- Church: Roman Catholic Church
- Appointed: 30 November 1911
- Term ended: 31 July 1914
- Predecessor: Francesco Segna
- Successor: Francis Aidan Gasquet
- Previous post: Assessor of the Congregation of the Holy Office (1902-11)

Orders
- Ordination: 15 January 1896
- Created cardinal: 27 November 1911 by Pope Pius X
- Rank: Cardinal-Deacon

Personal details
- Born: Giovanni Battista Lugari 18 February 1846 Rome, Papal States
- Died: 31 July 1914 (aged 68) Rome, Kingdom of Italy
- Buried: Campo Verano
- Alma mater: Pontifical Gregorian University

= Giovanni Lugari =

Giovanni Battista Lugari (18 February 1846—31 July 1914) was an Italian Cardinal of the Roman Catholic Church who from the time he became a priest at nearly fifty years of age, worked in the Roman Curia.

==Early life and ==
Giovanni Lugari was born in Rome, and there studied at the Royal University and Pontifical Gregorian University. He was ordained to the priesthood on 15 January 1896, when nearly fifty years old.

== Career ==
He then entered the service of the Roman Curia, being named Assessor and Sub-Promoter of the Faith of the Sacred Congregation of Rites on the following 3 February. After being appointed Privy Chamberlain supernumerario three days later, on 6 February, Lugari was made full Promotor of the Faith on 4 June 1897. On 4 June 1897 he became a Domestic Prelate of His Holiness.

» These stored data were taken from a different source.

lemma ramsey_pairs_increasing:
  fixes k m :: nat
  shows "\<exists>N. \<forall>c :: nat \<Rightarrow> nat \<Rightarrow> nat. (\<forall>i j. c i j < k) \<longrightarrow>
     (\<exists>s. strict_mono_on {..<m} s \<and> s ` {..<m} \<subseteq> {..<N} \<and>
        (\<forall>i j. i < j \<longrightarrow> j < m \<longrightarrow> c (s i) (s j) = c (s 0) (s 1)))"
proof -
  obtain N where N: "\<forall>f :: nat set \<Rightarrow> nat. (\<forall>S. f S < k) \<longrightarrow>
     (\<exists>s c. strict_mono_on {..<m} s \<and> s ` {..<m} \<subseteq> {..<N} \<and>
        (\<forall>S \<subseteq> {..<m}. card S = 2 \<longrightarrow> f (s ` S) = c))"
    using ramsey_increasing_subsequence[of k m 2] by blast
  have "\<exists>s. strict_mono_on {..<m} s \<and> s ` {..<m} \<subseteq> {..<N} \<and>
      (\<forall>i j. i < j \<longrightarrow> j < m \<longrightarrow> c (s i) (s j) = c (s 0) (s 1))"
    if c_lt: "\<forall>i j. c i j < k" for c :: "nat \<Rightarrow> nat \<Rightarrow> nat"
  proof -
    obtain s col where s: "strict_mono_on {..<m} s" "s ` {..<m} \<subseteq> {..<N}"
      and hom: "\<forall>S \<subseteq> {..<m}. card S = 2 \<longrightarrow> c (Min (s ` S)) (Max (s ` S)) = col"
      using N[rule_format, of "\<lambda>S. c (Min S) (Max S)"] c_lt by blast
    have col: "c (s i) (s j) = col" if "i < j" "j < m" for i j
    proof -
      have "s i < s j" using s(1) that by (simp add: strict_mono_onD)
      then have "Min (s ` {i, j}) = s i" "Max (s ` {i, j}) = s j" by simp_all
      moreover have "{i, j} \<subseteq> {..<m}" "card {i, j} = 2" using that by auto
      ultimately show ?thesis using hom by metis
    qed
    have "c (s i) (s j) = c (s 0) (s 1)" if "i < j" "j < m" for i j
      using col[OF that] col[of 0 1] that by simp
    with s show ?thesis by blast
  qed
  then show ?thesis by blast
qed

lemma ramsey_triples_increasing:
  fixes k m :: nat
  shows "\<exists>N. \<forall>c :: nat \<Rightarrow> nat \<Rightarrow> nat \<Rightarrow> nat. (\<forall>i j l. c i j l < k) \<longrightarrow>
     (\<exists>s. strict_mono_on {..<m} s \<and> s ` {..<m} \<subseteq> {..<N} \<and>
        (\<forall>i j l. i < j \<longrightarrow> j < l \<longrightarrow> l < m \<longrightarrow> c (s i) (s j) (s l) = c (s 0) (s 1) (s 2)))"
proof -
  obtain N where N: "\<forall>f :: nat set \<Rightarrow> nat. (\<forall>S. f S < k) \<longrightarrow>
     (\<exists>s c. strict_mono_on {..<m} s \<and> s ` {..<m} \<subseteq> {..<N} \<and>
        (\<forall>S \<subseteq> {..<m}. card S = 3 \<longrightarrow> f (s ` S) = c))"
    using ramsey_increasing_subsequence[of k m 3] by blast
  have "\<exists>s. strict_mono_on {..<m} s \<and> s ` {..<m} \<subseteq> {..<N} \<and>
      (\<forall>i j l. i < j \<longrightarrow> j < l \<longrightarrow> l < m \<longrightarrow> c (s i) (s j) (s l) = c (s 0) (s 1) (s 2))"
    if c_lt: "\<forall>i j l. c i j l < k" for c :: "nat \<Rightarrow> nat \<Rightarrow> nat \<Rightarrow> nat"
  proof -
    define mid where "mid S = Min (S - {Min S})" for S :: "nat set"
    obtain s col where s: "strict_mono_on {..<m} s" "s ` {..<m} \<subseteq> {..<N}"
      and hom: "\<forall>S \<subseteq> {..<m}. card S = 3 \<longrightarrow> c (Min (s ` S)) (mid (s ` S)) (Max (s ` S)) = col"
      using N[rule_format, of "\<lambda>S. c (Min S) (mid S) (Max S)"] c_lt by blast
    have col: "c (s i) (s j) (s l) = col" if "i < j" "j < l" "l < m" for i j l
    proof -
      have "s i < s j" "s j < s l" using s(1) that by (simp_all add: strict_mono_onD)
      then have "Min (s ` {i, j, l}) = s i" "mid (s ` {i, j, l}) = s j" "Max (s ` {i, j, l}) = s l"
        by (auto simp: mid_def insert_Diff_if)
      moreover have "{i, j, l} \<subseteq> {..<m}" "card {i, j, l} = 3" using that by auto
      ultimately show ?thesis using hom by metis
    qed
    have "c (s i) (s j) (s l) = c (s 0) (s 1) (s 2)" if "i < j" "j < l" "l < m" for i j l
      using col[OF that] col[of 0 1 2] that by simp
    with s show ?thesis by blast
  qed
  then show ?thesis by blast
qed

section \<open>Graphs with many distinct neighbourhoods\<close>

definition independent_seq :: "'a graph \<Rightarrow> nat \<Rightarrow> (nat \<Rightarrow> 'a) \<Rightarrow> bool" where
  "independent_seq H n u \<longleftrightarrow> (\<forall>i<n. u i \<in> verts H) \<and> (\<forall>i<n. \<forall>j<n. \<not> adj H (u i) (u j))"

lemma independent_seq_reindex:
  assumes "independent_seq H n u" "\<And>i. i < m \<Longrightarrow> s i < n"
  shows "independent_seq H m (\<lambda>i. u (s i))"
  using assms by (simp add: independent_seq_def)

lemma independent_seq_mono: "independent_seq H n u \<Longrightarrow> m \<le> n \<Longrightarrow> independent_seq H m u"
  by (simp add: independent_seq_def)

lemma complete_graph_projection_of_nbhd_chain:
  assumes wf: "wf_graph H" and u: "independent_seq H (Suc t) u"
    and chain: "\<And>i j. i < j \<Longrightarrow> j \<le> t \<Longrightarrow> nbhd H (u i) \<subset> nbhd H (u j)"
  shows "is_projection (complete_graph t) H"
proof -
  have u_verts: "u i \<in> verts H" if "i \<le> t" for i
    using u that by (simp add: independent_seq_def)
  have u_indep: "\<not> adj H (u i) (u j)" if "i \<le> t" "j \<le> t" for i j
    using u that by (simp add: independent_seq_def)
  have "\<exists>z. adj H (u (Suc i)) z \<and> \<not> adj H (u i) z" if "i < t" for i
    using chain[of i "Suc i"] that by (auto simp: nbhd_def)
  then obtain y where y: "\<And>i. i < t \<Longrightarrow> adj H (u (Suc i)) (y i) \<and> \<not> adj H (u i) (y i)"
    by metis
  have y_adj: "adj H (u j) (y i)" if "i < j" "j \<le> t" for i j
  proof (cases "Suc i = j")
    case True
    then show ?thesis using y that by auto
  next
    case False
    then have "nbhd H (u (Suc i)) \<subseteq> nbhd H (u j)" using chain[of "Suc i" j] that by auto
    then show ?thesis using y[of i] that by (auto simp: nbhd_def)
  qed
  show ?thesis
  proof (rule complete_graph_projection_of_pairs[OF wf, where x = u and y = y])
    show "u i \<in> verts H \<and> y i \<in> verts H" if "i < t" for i
      using u_verts[of i] y[OF that] adj_in_verts(2)[OF wf, of "u (Suc i)" "y i"] that by simp
    show "\<not> adj H (u i) (y i)" if "i < t" for i
      using y[OF that] by simp
    show "u i \<noteq> y j" if "i < t" "j < t" for i j
      using y[OF that(2)] u_indep[of "Suc j" i] that by auto
    show "adj H (u i) (y j) \<or> adj H (y i) (u j)" if "i < j" "j < t" for i j
      using y_adj[of i j] that adj_commute[of H "y i" "u j"] by simp
  qed
qed

lemma independent_seq_nbhd_chain_or_antichain:
  fixes m :: nat
  shows "\<exists>N. \<forall>(H :: 'a graph) v. independent_seq H N v \<and> inj_on (\<lambda>i. nbhd H (v i)) {..<N} \<longrightarrow>
     (\<exists>u. independent_seq H m u \<and>
        ((\<forall>i j. i < j \<longrightarrow> j < m \<longrightarrow> nbhd H (u i) \<subset> nbhd H (u j)) \<or>
         (\<forall>i j. i < j \<longrightarrow> j < m \<longrightarrow> \<not> nbhd H (u i) \<subseteq> nbhd H (u j))))"
proof -
  obtain N where N: "\<forall>c :: nat \<Rightarrow> nat \<Rightarrow> nat. (\<forall>i j. c i j < 3) \<longrightarrow>
     (\<exists>s. strict_mono_on {..<m} s \<and> s ` {..<m} \<subseteq> {..<N} \<and>
        (\<forall>i j. i < j \<longrightarrow> j < m \<longrightarrow> c (s i) (s j) = c (s 0) (s 1)))"
    using ramsey_pairs_increasing[of 3 m] by blast
  have "\<exists>u. independent_seq H m u \<and>
        ((\<forall>i j. i < j \<longrightarrow> j < m \<longrightarrow> nbhd H (u i) \<subset> nbhd H (u j)) \<or>
         (\<forall>i j. i < j \<longrightarrow> j < m \<longrightarrow> \<not> nbhd H (u i) \<subseteq> nbhd H (u j)))"
    if v: "independent_seq H N v" and inj: "inj_on (\<lambda>i. nbhd H (v i)) {..<N}"
    for H :: "'a graph" and v
  proof -
    txt \<open>A homogeneous decreasing chain is read backwards.\<close>
    define c where "c i j = (if nbhd H (v i) \<subseteq> nbhd H (v j) then 0
      else if nbhd H (v j) \<subseteq> nbhd H (v i) then 1 else 2 :: nat)" for i j
    have "\<forall>i j. c i j < 3" by (simp add: c_def)
    then obtain s where s: "strict_mono_on {..<m} s" "s ` {..<m} \<subseteq> {..<N}"
      and hom: "\<forall>i j. i < j \<longrightarrow> j < m \<longrightarrow> c (s i) (s j) = c (s 0) (s 1)"
      using N by blast
    have s_lt: "s i < N" if "i < m" for i using s(2) that by auto
    have distinct: "nbhd H (v (s i)) \<noteq> nbhd H (v (s j))" if "i < j" "j < m" for i j
    proof
      assume "nbhd H (v (s i)) = nbhd H (v (s j))"
      then have "s i = s j" using inj_onD[OF inj] s_lt that by simp
      moreover have "s i < s j" using s(1) that by (simp add: strict_mono_onD)
      ultimately show False by simp
    qed
    have u: "independent_seq H m (\<lambda>i. v (s i))" using v s_lt by (rule independent_seq_reindex)
    have "c (s 0) (s 1) \<in> {0, 1, 2}" by (simp add: c_def)
    then consider "c (s 0) (s 1) = 0" | "c (s 0) (s 1) = 1" | "c (s 0) (s 1) = 2" by auto
    then show ?thesis
    proof cases
      case 1
      have "nbhd H (v (s i)) \<subset> nbhd H (v (s j))" if "i < j" "j < m" for i j
      proof -
        have "c (s i) (s j) = 0" using hom[rule_format, OF that] 1 by simp
        then show ?thesis using distinct[OF that] by (auto simp: c_def split: if_splits)
      qed
      with u show ?thesis by (intro exI[of _ "\<lambda>i. v (s i)"]) blast
    next
      case 2
      define u' where "u' i = v (s (m - Suc i))" for i
      have "independent_seq H m u'"
        unfolding u'_def using v by (rule independent_seq_reindex) (use s_lt in auto)
      moreover have "nbhd H (u' i) \<subset> nbhd H (u' j)" if "i < j" "j < m" for i j
      proof -
        have ij: "m - Suc j < m - Suc i" "m - Suc i < m" using that by auto
        then have "c (s (m - Suc j)) (s (m - Suc i)) = 1" using hom[rule_format, OF ij] 2 by simp
        then show ?thesis
          using distinct[OF ij] unfolding u'_def by (auto simp: c_def split: if_splits)
      qed
      ultimately show ?thesis by (intro exI[of _ u']) blast
    next
      case 3
      have "\<not> nbhd H (v (s i)) \<subseteq> nbhd H (v (s j))" if "i < j" "j < m" for i j
      proof -
        have "c (s i) (s j) = 2" using hom[rule_format, OF that] 3 by simp
        then show ?thesis by (auto simp: c_def split: if_splits)
      qed
      with u show ?thesis by (intro exI[of _ "\<lambda>i. v (s i)"]) blast
    qed
  qed
  then show ?thesis by blast
qed
text \<open>State of BanditQ after t rounds: (x(t+1), Q(t), sum_{tau<=t} ||r'(tau)||^2).\<close>
fun banditq_state ::
  "'n set \<Rightarrow> ('n \<Rightarrow> real) \<Rightarrow> real \<Rightarrow> (nat \<Rightarrow> real^'n::finite) \<Rightarrow> real^'n \<Rightarrow> nat
     \<Rightarrow> (real^'n) \<times> ('n \<Rightarrow> real) \<times> real" where
  "banditq_state P lam V r x1 0 = (x1, (\<lambda>i. 0), 0)"
| "banditq_state P lam V r x1 (Suc t) =
     (let (x, Q, G) = banditq_state P lam V r x1 t;
          rr = r (Suc t);
          r' = (\<chi> i. (Q i + V) * rr $ i);
          G' = G + (norm r')\<^sup>2;
          x' = closest_point prob_simplex (x + (1 / sqrt (2 * G')) *\<^sub>R r');
          Q' = (\<lambda>i. if i \<in> P then max 0 (Q i + lam i - rr $ i * x $ i) else 0)
      in (x', Q', G'))"

definition banditq_x where
  "banditq_x P lam V r x1 t = fst (banditq_state P lam V r x1 (t - 1))"

definition banditq_Q where
  "banditq_Q P lam V r x1 t = fst (snd (banditq_state P lam V r x1 t))"

end

theory Submission
  imports Defs
begin
section \<open>The quasinilpotent part and the analytical core\<close>

lemma quasinilpotent_part_iff:
  "v \<in> quasinilpotent_part A \<longleftrightarrow> (\<forall>r>0. \<exists>N. \<forall>n\<ge>N. norm ((A ^^ n) v) \<le> r ^ n)"
proof
  assume "v \<in> quasinilpotent_part A"
  hence lim: "(\<lambda>n. norm ((A ^^ n) v) powr (1 / real n)) \<longlonglongrightarrow> 0"
    by (simp add: quasinilpotent_part_def)
  show "\<forall>r>0. \<exists>N. \<forall>n\<ge>N. norm ((A ^^ n) v) \<le> r ^ n"
  proof (intro allI impI)
    fix r :: real assume r: "0 < r"
    obtain N where N: "\<forall>n\<ge>N. norm ((A ^^ n) v) powr (1 / real n) < r"
      using lim r unfolding LIMSEQ_iff by auto
    have "norm ((A ^^ n) v) \<le> r ^ n" if n: "N + 1 \<le> n" for n
    proof (cases "(A ^^ n) v = 0")
      case False
      have "norm ((A ^^ n) v) = (norm ((A ^^ n) v) powr (1 / real n)) ^ n"
        using False n by (simp add: powr_realpow[symmetric] powr_powr)
      also have "\<dots> \<le> r ^ n"
        using N[rule_format, of n] n False by (intro power_mono less_imp_le) simp_all
      finally show ?thesis .
    qed (use r in simp)
    thus "\<exists>N. \<forall>n\<ge>N. norm ((A ^^ n) v) \<le> r ^ n" by blast
  qed
next
  assume H: "\<forall>r>0. \<exists>N. \<forall>n\<ge>N. norm ((A ^^ n) v) \<le> r ^ n"
  show "v \<in> quasinilpotent_part A"
    unfolding quasinilpotent_part_def mem_Collect_eq LIMSEQ_iff
  proof (intro allI impI)
    fix e :: real assume e: "0 < e"
    obtain N where N: "\<forall>n\<ge>N. norm ((A ^^ n) v) \<le> (e/2) ^ n" using H e by (meson half_gt_zero)
    have "norm ((A ^^ n) v) powr (1 / real n) < e" if n: "N + 1 \<le> n" for n
    proof -
      have "norm ((A ^^ n) v) powr (1 / real n) \<le> ((e/2) ^ n) powr (1 / real n)"
        using N n by (intro powr_mono2) auto
      also have "\<dots> = e / 2" using e n by (simp add: powr_realpow[symmetric] powr_powr)
      finally show ?thesis using e by simp
    qed
    thus "\<exists>N. \<forall>n\<ge>N. norm (norm ((A ^^ n) v) powr (1 / real n) - 0) < e" by auto
  qed
qed
lemma sum_list_if_fst_Nil_cuts:
  "sum_list (map (\<lambda>q. if fst q = [] then f q else 0) (cuts G)) = (f ([], G) :: 'a::monoid_add)"
proof -
  have "filter (\<lambda>q. fst q = []) (cuts G) = [([], G)]"
    using fst_cuts_ne[of _ G] by (simp add: cuts_def filter_empty_conv)
  then show ?thesis by (simp flip: sum_list_map_filter')
qed

lemma sum_list_if_snd_Nil_cuts:
  "sum_list (map (\<lambda>p. if snd p = [] then f p else 0) (cuts F)) = (f (F, []) :: 'a::monoid_add)"
  by (simp add: filter_snd_Nil_cuts flip: sum_list_map_filter')

definition coprod :: "forest \<Rightarrow> 'k::field H2" where
  "coprod F = basis_sum (cuts F)"

lemma coprod_Nil: "coprod [] = bvec ([], [])"
  by (simp add: coprod_def cuts_def)

lemma coprod_append:
  "coprod (F @ G) = basis_sum (map (\<lambda>p. (fst p, snd p @ G)) (cuts F))
     + basis_sum (map (\<lambda>p. (F @ fst p, snd p)) (cuts G)) - bvec (F, G)"
  by (simp add: coprod_def cuts_def cuts_ne_append)

lemma teps_mult_coprod: "teps_mult (coprod F) (coprod G) = coprod (F @ G)"
proof -
  have "teps_mult (coprod F) (coprod G) =
      sum_list (map (\<lambda>p. sum_list (map (\<lambda>q. teps_mult (bvec p) (bvec q)) (cuts G))) (cuts F))"
    unfolding coprod_def by (rule bilinear_map_basis_sum[OF bilinear_map_teps_mult])
  also have "\<dots> = coprod (F @ G)"
    by (simp add: teps_mult_bvec sum_list_addf sum_list_subtractf sum_list_map_if_const
        sum_list_if_fst_Nil_cuts sum_list_if_snd_Nil_cuts coprod_append basis_sum_map)
  finally show ?thesis .
qed

lemma tmap_basis_sum:
  "tmap \<phi> \<psi> (basis_sum xs) = sum_list (map (\<lambda>p. tens (\<phi> (basisH (fst p))) (\<psi> (basisH (snd p)))) xs)"
  by (simp add: tmap_def lext_basis_sum split_def)

lemma coprod_tree:
  "coprod [PNode F] = tmap id Bplus (coprod F) + tmap Bplus (nu \<circ> epsH) (coprod F :: 'k::field H2)"
proof -
  have "tens (Bplus (basisH L)) ((nu \<circ> epsH) (basisH R)) =
      (if R = [] then bvec ([PNode L], []) else (0 :: 'k H2))" for L R
    by (simp add: basisH_def nu_def unitH_def)
  then have "tmap Bplus (nu \<circ> epsH) (coprod F :: 'k H2) = bvec ([PNode F], [])"
    unfolding coprod_def tmap_basis_sum by (simp add: sum_list_if_snd_Nil_cuts)
  moreover have "tmap id Bplus (coprod F :: 'k H2) = basis_sum (map (\<lambda>p. (fst p, [PNode (snd p)])) (cuts F))"
    unfolding coprod_def tmap_basis_sum by (simp add: basisH_def basis_sum_map)
  ultimately show ?thesis
    by (simp add: coprod_def cuts_def cuts_ne_tree algebra_simps)
qed

section \<open>Existence and uniqueness of \<Delta>\<close>

lemma is_Delta_lext_coprod: "is_Delta (lext coprod :: 'k::field H \<Rightarrow> 'k H2)"
  unfolding is_Delta_def
proof (intro conjI allI)
  show "linear_map (lext coprod :: 'k H \<Rightarrow> 'k H2)"
    by (rule linear_map_lext)
  show "lext coprod unitH = (tens unitH unitH :: 'k H2)"
    by (simp add: unitH_def basisH_def coprod_Nil)
  fix a b :: "'k H"
  show "lext coprod (hmult a b) = teps_mult (lext coprod a) (lext coprod b)"
    by (rule bilinear_map_eqI[of "\<lambda>a b. lext coprod (hmult a b)"])
      (simp_all add: linear_map_comp_bilinear_map[OF linear_map_lext bilinear_map_hmult]
        bilinear_map_comp[OF bilinear_map_teps_mult linear_map_lext linear_map_lext] teps_mult_coprod)
next
  fix a :: "'k H"
  show "lext coprod (Bplus a) = tmap id Bplus (lext coprod a) + tmap Bplus (nu \<circ> epsH) (lext coprod a)"
    by (rule linear_map_eqI[of "\<lambda>a. lext coprod (Bplus a)"])
      (simp_all add: linear_map_comp[OF linear_map_lext linear_map_Bplus]
        linear_map_add linear_map_comp[OF linear_map_tmap linear_map_lext] coprod_tree id_def comp_def)
qed

lemma is_Delta_bvec:
  assumes "is_Delta (\<Delta> :: 'k::field H \<Rightarrow> 'k H2)"
  shows "\<Delta> (bvec F) = coprod F"
proof (induction F rule: cuts_ne.induct)
  case 1
  have "\<Delta> unitH = tens unitH unitH"
    using assms by (simp add: is_Delta_def)
  then show ?case
    by (simp add: unitH_def basisH_def coprod_Nil)
next
  case (2 G F)
  have "\<Delta> (bvec [PNode G]) = \<Delta> (Bplus (bvec G))"
    by simp
  also have "\<dots> = coprod [PNode G]"
    using assms "2.IH"(1) by (simp add: is_Delta_def coprod_tree del: Bplus_bvec)
  finally have tree: "\<Delta> (bvec [PNode G]) = coprod [PNode G]" .
  have "\<Delta> (bvec (PNode G # F)) = \<Delta> (hmult (bvec [PNode G]) (bvec F))"
    by simp
  also have "\<dots> = coprod ([PNode G] @ F)"
    using assms tree "2.IH"(2) by (simp add: is_Delta_def teps_mult_coprod del: hmult_bvec)
  finally show ?case by simp
qed

lemma is_Delta_unique:
  assumes "is_Delta (\<Delta> :: 'k::field H \<Rightarrow> 'k H2)"
  shows "\<Delta> = lext coprod"
proof
  fix a
  have "linear_map \<Delta>"
    using assms by (simp add: is_Delta_def)
  then show "\<Delta> a = lext coprod a"
    by (simp add: linear_map_eq_lext[of \<Delta>] is_Delta_bvec[OF assms])
qed
(* For every $\phi\in\mathcal{L}$ and every segment $\mathfrak{s}$ of the canonical model $\mathfrak{M}^{C}$: (1) $\mathfrak{M}^{C},\mathfrak{s}\Vdash^+\phi$ iff $\phi\in\mathbf{h}(\mathfrak{s})$; (2) $\mathfrak{M}^{C},\mathfrak{s}\Vdash^-\phi$ iff ${\sim}\phi\in\mathbf{h}(\mathfrak{s})$.
   Context: Fix a countable set $\mathsf{Prop}$ of propositional variables. The language $\mathcal{L}$ is given by the grammar $\phi::=p\mid{\sim}\phi\mid(\phi\wedge\phi)\mid(\phi\vee\phi)\mid(\phi\to\phi)\mid\Box\phi\mid\Diamond\phi$ with $p\in\mathsf{Prop}$. $\phi\leftrightarrow\chi$ abbreviates $(\phi\to\chi)\wedge(\chi\to\phi)$. Semantics. A structure $\langle W,\le,R^+_\Box,R^-_\Box,R^+_\Diamond,R^-_\Diamond,v^+,v^-\rangle$ with $W\ne\varnothing$, $\le$ a preorder, four arbitrary binary relations, and $v^+,v^-:\mathsf{Prop}\to2^W$ upward closed under $\le$ is a $\mathsf{CN4K}$ model; $R(w)=\{w'\mid wRw'\}$. Support: $w\Vdash^\pm p$ iff $w\in v^\pm(p)$; $w\Vdash^+{\sim}\phi$ iff $w\Vdash^-\phi$; $w\Vdash^-{\sim}\phi$ iff $w\Vdash^+\phi$; $w\Vdash^+\phi\wedge\chi$ iff both; $w\Vdash^-\phi\wedge\chi$ iff $w\Vdash^-\phi$ or $w\Vdash^-\chi$; $w\Vdash^+\phi\vee\chi$ iff $w\Vdash^+\phi$ or $w\Vdash^+\chi$; $w\Vdash^-\phi\vee\chi$ iff both negatively supported; $w\Vdash^+\phi\to\chi$ iff for all $w'\ge w$, $w'\Vdash^+\phi$ implies $w'\Vdash^+\chi$; $w\Vdash^-\phi\to\chi$ iff $w\Vdash^+\phi$ and $w\Vdash^-\chi$; $w\Vdash^+\Box\phi$ iff $\forall w'\ge w\ \forall w''\in R^+_\Box(w')$: $w''\Vdash^+\phi$; $w\Vdash^-\Box\phi$ iff $\forall w'\ge w\ \exists w''\in R^-_\Box(w')$: $w''\Vdash^-\phi$; $w\Vdash^+\Diamond\phi$ iff $\forall w'\ge w\ \exists w''\in R^+_\Diamond(w')$: $w''\Vdash^+\phi$; $w\Vdash^-\Diamond\phi$ iff $\forall w'\ge w\ \forall w''\in R^-_\Diamond(w')$: $w''\Vdash^-\phi$. Calculus. $\mathcal{H}\mathsf{N4}$ has as axioms all $\mathcal{L}$-instances of: $\phi\to(\chi\to\phi)$; $(\phi\to(\chi\to\psi))\to((\phi\to\chi)\to(\phi\to\psi))$; $\phi\wedge\chi\to\phi$; $\phi\wedge\chi\to\chi$; $\phi\to(\chi\to\phi\wedge\chi)$; $\phi\to\phi\vee\chi$; $\chi\to\phi\vee\chi$; $(\phi\to\psi)\to((\chi\to\psi)\to(\phi\vee\chi\to\psi))$; ${\sim}{\sim}\phi\leftrightarrow\phi$; ${\sim}(\phi\wedge\chi)\leftrightarrow({\sim}\phi\vee{\sim}\chi)$; ${\sim}(\phi\vee\chi)\leftrightarrow({\sim}\phi\wedge{\sim}\chi)$; ${\sim}(\phi\to\chi)\leftrightarrow(\phi\wedge{\sim}\chi)$; and modus ponens. $\mathcal{H}\mathsf{CN4K}$ adds the axiom schemes $\Box(\phi\to\phi)$; ${\sim}\Diamond{\sim}(\phi\to\phi)$; $(\Box\phi\wedge\Box\chi)\to\Box(\phi\wedge\chi)$; $({\sim}\Diamond\phi\wedge{\sim}\Diamond\chi)\to{\sim}\Diamond(\phi\vee\chi)$, and the rules: from $\vdash\phi\to\chi$ infer $\vdash\Box\phi\to\Box\chi$; from $\vdash\phi\to\chi$ infer $\vdash\Diamond\phi\to\Diamond\chi$; from $\vdash{\sim}\phi\to{\sim}\chi$ infer $\vdash{\sim}\Box\phi\to{\sim}\Box\chi$; from $\vdash{\sim}\phi\to{\sim}\chi$ infer $\vdash{\sim}\Diamond\phi\to{\sim}\Diamond\chi$. $\Gamma\vdash_{\mathcal{H}\mathsf{CN4K}}\phi$ means there is a finite sequence ending in $\phi$ of axiom instances, members of $\Gamma$, and rule consequences of earlier members, the modal rules being applied only to theorems. A set $\Xi\subseteq\mathcal{L}$ is saturated if it is deductively closed under $\vdash_{\mathcal{H}\mathsf{CN4K}}$ and prime ($\xi\vee\xi'\in\Xi$ implies $\xi\in\Xi$ or $\xi'\in\Xi$). A segment is a tuple $\mathfrak{s}=\langle\Xi,\Phi^+_\Box,\Phi^-_\Box,\Phi^+_\Diamond,\Phi^-_\Diamond\rangle$ where $\Xi$ is a saturated set (the head, $\mathbf{h}(\mathfrak{s})=\Xi$) and each $\Phi^\bullet_\heartsuit$ is a set (possibly empty) of saturated sets such that: if $\Box\phi\in\Xi$ then $\phi\in\Delta$ for every $\Delta\in\Phi^+_\Box$; if ${\sim}\Box\phi\in\Xi$ then ${\sim}\phi\in\Delta$ for some $\Delta\in\Phi^-_\Box$; if $\Diamond\phi\in\Xi$ then $\phi\in\Delta$ for some $\Delta\in\Phi^+_\Diamond$; if ${\sim}\Diamond\phi\in\Xi$ then ${\sim}\phi\in\Delta$ for every $\Delta\in\Phi^-_\Diamond$. The canonical model $\mathfrak{M}^{C}$ has as states all segments, $\mathfrak{s}\le^{C}\mathfrak{s}'$ iff $\mathbf{h}(\mathfrak{s})\subseteq\mathbf{h}(\mathfrak{s}')$, $\mathfrak{s}\,{R^\bullet_\heartsuit}^{C}\,\mathfrak{s}'$ iff $\mathbf{h}(\mathfrak{s}')\in\Phi^\bullet_\heartsuit$ (where $\Phi^\bullet_\heartsuit$ is the corresponding component of $\mathfrak{s}$), for $\bullet\in\{+,-\}$, $\heartsuit\in\{\Box,\Diamond\}$; $\mathfrak{s}\in {v^+}^{C}(p)$ iff $p\in\mathbf{h}(\mathfrak{s})$, and $\mathfrak{s}\in{v^-}^{C}(p)$ iff ${\sim}p\in\mathbf{h}(\mathfrak{s})$. *)

theory Defs
  imports Main "HOL-Library.Countable"
begin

In 1900, he was made a canon of the Liberian Basilica on 28 March, and of the Lateran Basilica on 10 June. Lugari was named Papal Auditor on 22 April 1901 and served as the Promotor of the Faith in the canonization process of Joan of Arc during that same year. He became Assessor of the Supreme Sacred Congregation of the Holy Office on 11 January 1902, and a canon of St. Peter's Basilica on the following 1 February.

Lugari was made a protonotary apostolic supernumerarium on 2 February 1902, and later consultor of the Sacred Congregation of Rites on 18 April that same year. His long years of work in the Curia were recognized by Pope Pius X, who created him Cardinal Deacon of S. Maria in Portico in the consistory of 27 November 1911.

== Death ==
The Cardinal died in his native Rome, at age 68. He is buried in the Campo Verano cemetery.